I've looked at Oak Meadow before and the pricing has always been the major factor in why I have. Not considered it. But if the material is good, perhaps it makes more sense. I have wasted money on more school materials than the spectrum material and Wyldeck's book before. I ended up never getting science, history, geography, and civics material this because of not wanting to waste money getting something that they wouldn't like. I am getting books from the library that we read, instead. The library is not a possibility for English books, though, since over ninety-nine percent of the books at the library are not in English. Will you tell me more about Oak Meadow, please?
post #5 of 6

Personally I think that while early on there can be a role for the piecemeal language arts groundwork that can be built through workbooks, reading excerpts, spelling lists and such, by 7th grade it's time to move into meatier stuff. Perhaps that's why your previous curriculum only went that far? By meatier stuff I don't necessarily mean that it's more time-consuming: just that it synthesizes the piecemeal skills into extended purpose-driven writing, and the reading and interpretation of literature. I don't think you necessarily need a curriculum for that, nor do I think it needs to take up much time. Learning about vocabulary, grammar, spelling and composition is all done within the context of those two tasks. Pick a novel or two per term, have your child read them, and do some sort of related analytical essay, fan fiction or book review. I have a 7th-grader and her English "curriculum" is no more complicated than that. Right now she's reading the Hunger Games and taking notes for an essay which will compare and constrast the book and the movie. 

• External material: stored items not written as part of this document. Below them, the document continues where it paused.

(* Let $n$ be a positive integer. The set $\{P_1,\dots,P_{(n-1)^2},C_1,\dots,C_n\}$ is a basis for the set $\Gamma_n$ of $n\times n$ stochastic matrices, i.e., it consists of $n^2-n+1$ linearly independent stochastic matrices whose linear span contains $\Gamma_n$.
   Context: A real $n\times n$ matrix is stochastic if its entries are nonnegative and each row sums to $1$; $\Gamma_n$ is the set of such matrices (an affine set of dimension $n(n-1)$). Let $l=n-1$. Numbering of positions: for an $l\times l$ matrix, position $(i,j)$ is assigned the number $i+(j-i)l\pmod{l^2}$, taken in $\{1,\dots,l^2\}$. For $1\le i\le l^2$, $A_i\in M_l$ is the $(0,1)$-matrix whose entries are $0$ except those in positions numbered $i,i+1,\dots,i+l-2\pmod{l^2}$, which are $1$. For $1\le i\le (n-1)^2$, $P_i$ is the unique $n\times n$ permutation matrix such that deleting its first row and first column yields $A_i$. For $j\in[n]$, $C_j$ is the $n\times n$ $(0,1)$-matrix whose $j$-th column is all $1$'s and all other entries $0$. *)

theory Defs
  imports Complex_Main
begin

text \<open>Matrices are functions nat \<Rightarrow> nat \<Rightarrow> real, indexed 1-based by rows and columns;
  an n \<times> n matrix is required to vanish outside {1..n} \<times> {1..n}.\<close>

definition is_matrix :: "nat \<Rightarrow> (nat \<Rightarrow> nat \<Rightarrow> real) \<Rightarrow> bool" where
  "is_matrix n M \<longleftrightarrow> (\<forall>i j. (i \<notin> {1..n} \<or> j \<notin> {1..n}) \<longrightarrow> M i j = 0)"

definition stochastic :: "nat \<Rightarrow> (nat \<Rightarrow> nat \<Rightarrow> real) \<Rightarrow> bool" where
  "stochastic n M \<longleftrightarrow> is_matrix n M \<and>
     (\<forall>i\<in>{1..n}. \<forall>j\<in>{1..n}. M i j \<ge> 0) \<and> (\<forall>i\<in>{1..n}. (\<Sum>j=1..n. M i j) = 1)"

definition Gamma :: "nat \<Rightarrow> (nat \<Rightarrow> nat \<Rightarrow> real) set" where
  "Gamma n = {M. stochastic n M}"

definition perm_matrix :: "nat \<Rightarrow> (nat \<Rightarrow> nat \<Rightarrow> real) \<Rightarrow> bool" where
  "perm_matrix n M \<longleftrightarrow> (\<exists>\<sigma>. bij_betw \<sigma> {1..n} {1..n} \<and>
     (\<forall>i j. M i j = (if i \<in> {1..n} \<and> j = \<sigma> i then 1 else 0)))"

text \<open>Number of position (i,j) of an l \<times> l matrix: i + (j - i) l mod l^2, taken in {1..l^2}.\<close>
definition pos_num :: "nat \<Rightarrow> nat \<Rightarrow> nat \<Rightarrow> int" where
  "pos_num l i j = (let k = (int i + (int j - int i) * int l) mod (int l ^ 2)
                    in if k = 0 then int l ^ 2 else k)"

definition Amat :: "nat \<Rightarrow> nat \<Rightarrow> (nat \<Rightarrow> nat \<Rightarrow> real)" where
  "Amat l i r s = (if r \<in> {1..l} \<and> s \<in> {1..l} \<and>
       (\<exists>t. t + 1 < l \<and> (int i + int t) mod (int l ^ 2) = pos_num l r s mod (int l ^ 2))
     then 1 else 0)"

definition Pmat :: "nat \<Rightarrow> nat \<Rightarrow> (nat \<Rightarrow> nat \<Rightarrow> real)" where
  "Pmat n i = (THE M. perm_matrix n M \<and>
      (\<forall>r\<in>{1..n-1}. \<forall>s\<in>{1..n-1}. M (r+1) (s+1) = Amat (n-1) i r s))"

definition Cmat :: "nat \<Rightarrow> nat \<Rightarrow> (nat \<Rightarrow> nat \<Rightarrow> real)" where
  "Cmat n j r s = (if r \<in> {1..n} \<and> s = j then 1 else 0)"

end

(* Deleting the first row and column of P_i leaves A_i, whose ones occupy the l - 1 consecutive
   positions i, ..., i + l - 2 (where l = n - 1). Consecutive positions lie in distinct rows and
   distinct columns, so A_i is a partial permutation matrix with one empty row; hence P_i exists,
   is unique, and P_i(1,1) = 0.
   If a combination of the P_i and C_j vanishes, summing column s gives sum a + n b_s = 0 and the
   entry (1,1) gives b_1 = 0, so all b_j and sum a vanish. In the lower right block, position q is
   covered exactly by A_(q-l+2), ..., A_q, so every cyclic window sum of length l - 1 of a vanishes.
   Then a is invariant under the shift by l - 1 modulo l^2, which is coprime to l^2, so a is
   constant, hence zero.
   Finally, Gamma_n lies in the span of the n^2 - n + 1 matrices C_1 and E_rs - E_r1 (s > 1), so the
   n^2 - n + 1 independent matrices P_i, C_j span it as well. *)

theory Submission
  imports Defs "HOL-Library.Function_Algebras"
begin

section \<open>Positions and cells of the grid\<close>

(* The position numbered p + 1 lies in row p mod L (0-based); as p = x + (y - x) L modulo L^2,
   its column y is p mod L + p div L modulo L. *)
definition grid_col :: "int \<Rightarrow> int \<Rightarrow> int" where
  "grid_col L p = (p mod L + p div L) mod L"

lemma pos_num_mod:
  "pos_num l r s mod (int l ^ 2) = (int r + (int s - int r) * int l) mod (int l ^ 2)"
  unfolding pos_num_def Let_def by auto

lemma position_cell_iff:
  fixes L r s p :: int
  assumes L: "L \<ge> 1" and r: "1 \<le> r" "r \<le> L" and s: "1 \<le> s" "s \<le> L"
  shows "(p + 1) mod L^2 = (r + (s - r) * L) mod L^2 \<longleftrightarrow> p mod L = r - 1 \<and> grid_col L p = s - 1"
proof
  assume "(p + 1) mod L^2 = (r + (s - r) * L) mod L^2"
  then obtain k where "(p + 1) - (r + (s - r) * L) = L^2 * k"
    by (metis dvd_def mod_eq_dvd_iff)
  then have p: "p = (r - 1) + (s - r + k * L) * L" by (simp add: algebra_simps power2_eq_square)
  have row: "p mod L = r - 1" unfolding p using L r by simp
  have "p div L = s - r + k * L" unfolding p using L r by simp
  then have "grid_col L p = ((s - 1) + k * L) mod L" unfolding grid_col_def row by (simp add: algebra_simps)
  then show "p mod L = r - 1 \<and> grid_col L p = s - 1" using row L s by simp
next
  assume cell: "p mod L = r - 1 \<and> grid_col L p = s - 1"
  define k where "k = (r - 1 + p div L) div L"
  have p: "p = L * (p div L) + (r - 1)" using cell by (metis div_mult_mod_eq mult.commute)
  have "r - 1 + p div L = L * k + (s - 1)"
    using cell unfolding grid_col_def k_def by (metis div_mult_mod_eq mult.commute)
  then have "p div L = L * k + (s - r)" by linarith
  then have "L * (p div L) = L * (L * k + (s - r))" by simp
  then have "p + 1 = L * (L * k + (s - r)) + r" using p by linarith
  then have "p + 1 = (r + (s - r) * L) + L^2 * k" by (simp add: algebra_simps power2_eq_square)
  then show "(p + 1) mod L^2 = (r + (s - r) * L) mod L^2" by simp
qed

Have you considered purchasing an inexpensive (e-ink) Kindle or similar and using that as a way immediately source, purchase and read books in English? There is tons of classic literature that's free in the public domain, and any on-line purchasing isn't fraught by shipping delays and costs. We live in a Canada in a rural area without library access, and we bought the Canadian equivalent of a Kindle Paperwhite on sale last summer for under $50. It's already saved us lots more than that. 



post #6 of 6
Thread Starter 
I had never considered buying a kindle because I have never seen one in my country, which is not really that technically advanced. But I have seen them in travels. I had never put aconnection together of all the classical books available for free download and kindles. Thank you for telling me those can be read on kindle. I have always wanted my children to read classic children's books, but availability is a big problem for that. I'm going to talk with my oldest about how he would feel about reading on a kindle, instead of holding a book in his had. Maybe that would be a very good solution. Thank you!